Book George Washington s Military Genius

Download or read book George Washington s Military Genius written by Dave Richard Palmer and published by Regnery Publishing. This book was released on 2012-05-28 with total page 273 pages. Available in PDF, EPUB and Kindle. Book excerpt: Discusses George Washington's military strategies during the American Revolution and how his particular tactics aided in defeating the British army, including his utilization of European training techniques and his moral leadership.

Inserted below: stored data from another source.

(* Valid inputs vanish beyond n, so on Q their answers are determined by the threshold
   patterns of the n items. *)
lemma answer_patterns_subset:
  assumes "T \<subseteq> Collect (valid_input n)"
  shows "(\<lambda>\<sigma>. restrict (ans \<sigma>) Q) ` T \<subseteq>
    (\<lambda>p. \<lambda>q\<in>Q. if fst q < n then p (fst q) (snd q) else compare 0 (snd q)) `
      (\<Pi>\<^sub>E x\<in>{..<n}. range (\<lambda>r. restrict (compare r) (Q `` {x})))"
proof
  fix f assume "f \<in> (\<lambda>\<sigma>. restrict (ans \<sigma>) Q) ` T"
  then obtain \<sigma> where \<sigma>: "\<sigma> \<in> T" "f = restrict (ans \<sigma>) Q" by blast
  have zero: "\<sigma> x = 0" if "\<not> x < n" for x
    using \<sigma>(1) assms that unfolding valid_input_def by auto
  define p where "p = (\<lambda>x\<in>{..<n}. restrict (compare (\<sigma> x)) (Q `` {x}))"
  have "f = (\<lambda>q\<in>Q. if fst q < n then p (fst q) (snd q) else compare 0 (snd q))"
    unfolding \<sigma>(2) p_def by (auto simp: fun_eq_iff ans_eq_compare zero)
  moreover have "p \<in> (\<Pi>\<^sub>E x\<in>{..<n}. range (\<lambda>r. restrict (compare r) (Q `` {x})))"
    unfolding p_def by auto
  ultimately show "f \<in> (\<lambda>p. \<lambda>q\<in>Q. if fst q < n then p (fst q) (snd q) else compare 0 (snd q)) `
      (\<Pi>\<^sub>E x\<in>{..<n}. range (\<lambda>r. restrict (compare r) (Q `` {x})))" by blast
qed

lemma
  assumes "finite Q" "T \<subseteq> Collect (valid_input n)"
  shows finite_answer_patterns: "finite ((\<lambda>\<sigma>. restrict (ans \<sigma>) Q) ` T)"
    and card_answer_patterns_le: "card ((\<lambda>\<sigma>. restrict (ans \<sigma>) Q) ` T) \<le> answer_pattern_bound n Q"
proof -
  define Z where "Z = (\<Pi>\<^sub>E x\<in>{..<n}. range (\<lambda>r. restrict (compare r) (Q `` {x})))"
  define h where "h p = (\<lambda>q\<in>Q. if fst q < n then p (fst q) (snd q) else compare 0 (snd q))"
    for p :: "nat \<Rightarrow> nat \<Rightarrow> answer"
  have fin: "finite (Q `` {x})" for x
    using assms(1) by (simp add: finite_Image)
  have sub: "(\<lambda>\<sigma>. restrict (ans \<sigma>) Q) ` T \<subseteq> h ` Z"
    unfolding h_def Z_def using answer_patterns_subset[OF assms(2)] .
  have finZ: "finite Z"
    unfolding Z_def using fin by (intro finite_PiE finite_range_restrict_compare) auto
  then show "finite ((\<lambda>\<sigma>. restrict (ans \<sigma>) Q) ` T)"
    using sub finite_subset by blast
  have "card ((\<lambda>\<sigma>. restrict (ans \<sigma>) Q) ` T) \<le> card (h ` Z)"
    using sub finZ by (intro card_mono) auto
  also have "\<dots> \<le> card Z"
    using finZ by (rule card_image_le)
  also have "\<dots> = (\<Prod>x<n. card (range (\<lambda>r. restrict (compare r) (Q `` {x}))))"
    unfolding Z_def by (simp add: card_PiE)
  also have "\<dots> \<le> answer_pattern_bound n Q"
    unfolding answer_pattern_bound_def
    using card_range_restrict_compare_le[OF fin] by (intro prod_mono) auto
  finally show "card ((\<lambda>\<sigma>. restrict (ans \<sigma>) Q) ` T) \<le> answer_pattern_bound n Q" .
qed

definition weight :: "algorithm \<Rightarrow> nat \<Rightarrow> nat \<Rightarrow> nat \<Rightarrow> (nat \<Rightarrow> nat) \<Rightarrow> nat" where
  "weight alg n k j rank = (\<Prod>i\<in>{j..<k}. answer_pattern_bound n (round_queries alg rank i))"

lemma answer_pattern_bound_pos: "answer_pattern_bound n Q > 0"
  unfolding answer_pattern_bound_def by simp

lemma card_final_histories_le:
  assumes "j \<le> k"
    and "T \<subseteq> Collect (valid_input n)"
    and "\<forall>\<sigma>\<in>T. \<forall>i<k. finite (round_queries alg \<sigma> i)"
    and "\<forall>\<sigma>\<in>T. hist alg \<sigma> j = H"
    and "\<forall>\<sigma>\<in>T. weight alg n k j \<sigma> \<le> M"
  shows "card ((\<lambda>\<sigma>. hist alg \<sigma> k) ` T) \<le> M"
  using assms
proof (induction j arbitrary: T H M rule: inc_induct)
  case base
  show ?case
  proof (cases "T = {}")
    case False
    then obtain \<sigma> where "\<sigma> \<in> T" by blast
    then have "weight alg n k k \<sigma> \<le> M" "(\<lambda>\<sigma>. hist alg \<sigma> k) ` T = {H}"
      using base.prems(3,4) by auto
    then show ?thesis by (simp add: weight_def)
  qed simp
next
  case (step j)
  define Q where "Q = alg j H"
  define P where "P = answer_pattern_bound n Q"
  define F where "F \<sigma> = restrict (ans \<sigma>) Q" for \<sigma>
  have Q: "round_queries alg \<sigma> j = Q" if "\<sigma> \<in> T" for \<sigma>
    using step.prems(3) that unfolding Q_def round_queries_def by simp
  have patterns: "finite (F ` T) \<and> card (F ` T) \<le> P"
  proof (cases "T = {}")
    case False
    then obtain \<sigma> where "\<sigma> \<in> T" by blast
    then have "finite Q"
      using step.prems(2) step.hyps(2) Q by metis
    then show ?thesis
      unfolding F_def P_def using step.prems(1)
      by (simp add: finite_answer_patterns card_answer_patterns_le)
  qed simp
  have class_bound: "card ((\<lambda>\<sigma>. hist alg \<sigma> k) ` {\<sigma>\<in>T. F \<sigma> = f}) \<le> M div P" for f
  proof (rule step.IH)
    show "{\<sigma>\<in>T. F \<sigma> = f} \<subseteq> Collect (valid_input n)"
      "\<forall>\<sigma>\<in>{\<sigma>\<in>T. F \<sigma> = f}. \<forall>i<k. finite (round_queries alg \<sigma> i)"
      using step.prems(1,2) by auto
    show "\<forall>\<sigma>\<in>{\<sigma>\<in>T. F \<sigma> = f}. hist alg \<sigma> (Suc j) = H \<union> (\<lambda>q. (q, f q)) ` Q"
    proof
      fix \<sigma> assume "\<sigma> \<in> {\<sigma>\<in>T. F \<sigma> = f}"
      then have "\<sigma> \<in> T" "\<forall>q\<in>Q. ans \<sigma> q = f q"
        unfolding F_def by auto
      then show "hist alg \<sigma> (Suc j) = H \<union> (\<lambda>q. (q, f q)) ` Q"
        using step.prems(3) Q unfolding round_queries_def by (auto intro!: image_cong)
    qed
    show "\<forall>\<sigma>\<in>{\<sigma>\<in>T. F \<sigma> = f}. weight alg n k (Suc j) \<sigma> \<le> M div P"
    proof
      fix \<sigma> assume "\<sigma> \<in> {\<sigma>\<in>T. F \<sigma> = f}"
      then have "\<sigma> \<in> T" by simp
      then have "weight alg n k (Suc j) \<sigma> * P \<le> M"
        using step.prems(4) step.hyps(2) Q
        by (simp add: weight_def P_def prod.atLeast_Suc_lessThan mult.commute)
      then show "weight alg n k (Suc j) \<sigma> \<le> M div P"
        using answer_pattern_bound_pos by (simp add: P_def less_eq_div_iff_mult_less_eq)
    qed
  qed
  have "(\<lambda>\<sigma>. hist alg \<sigma> k) ` T = (\<Union>f\<in>F ` T. (\<lambda>\<sigma>. hist alg \<sigma> k) ` {\<sigma>\<in>T. F \<sigma> = f})"
    by auto
  also have "card \<dots> \<le> (\<Sum>f\<in>F ` T. card ((\<lambda>\<sigma>. hist alg \<sigma> k) ` {\<sigma>\<in>T. F \<sigma> = f}))"
    using patterns by (intro card_UN_le) simp
  also have "\<dots> \<le> card (F ` T) * (M div P)"
    using sum_bounded_above[of "F ` T" _ "M div P"] class_bound by simp
  also have "\<dots> \<le> P * (M div P)"
    using patterns by (intro mult_right_mono) simp_all
  also have "\<dots> \<le> M"
    by simp
  finally show ?case .
qed

lemma sum_card_Image_le:
  assumes "finite X" "finite Q"
  shows "(\<Sum>x\<in>X. card (Q `` {x})) \<le> card Q"
proof -
  have "(\<Sum>x\<in>X. card (Q `` {x})) = card (Sigma X (\<lambda>x. Q `` {x}))"
    using assms by (simp add: card_SigmaI)
  also have "\<dots> \<le> card Q"
    using assms by (intro card_mono) auto
  finally show ?thesis .
qed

Book You Never Forget Your First

Download or read book You Never Forget Your First written by Alexis Coe and published by Penguin. This book was released on 2020-02-04 with total page 304 pages. Available in PDF, EPUB and Kindle. Book excerpt: AN INSTANT NEW YORK TIMES BESTSELLER AN NPR CONCIERGE BEST BOOK OF THE YEAR “In her form-shattering and myth-crushing book….Coe examines myths with mirth, and writes history with humor… [You Never Forget Your First] is an accessible look at a president who always finishes in the first ranks of our leaders.” —Boston Globe Alexis Coe takes a closer look at our first--and finds he is not quite the man we remember Young George Washington was raised by a struggling single mother, demanded military promotions, caused an international incident, and never backed down--even when his dysentery got so bad he had to ride with a cushion on his saddle. But after he married Martha, everything changed. Washington became the kind of man who named his dog Sweetlips and hated to leave home. He took up arms against the British only when there was no other way, though he lost more battles than he won. After an unlikely victory in the Revolutionary War cast him as the nation's hero, he was desperate to retire, but the founders pressured him into the presidency--twice. When he retired years later, no one talked him out of it. He left the highest office heartbroken over the partisan nightmare his backstabbing cabinet had created. Back on his plantation, the man who fought for liberty must confront his greatest hypocrisy--what to do with the men, women, and children he owns--before he succumbs to death. With irresistible style and warm humor, You Never Forget Your First combines rigorous research and lively storytelling that will have readers--including those who thought presidential biographies were just for dads--inhaling every page.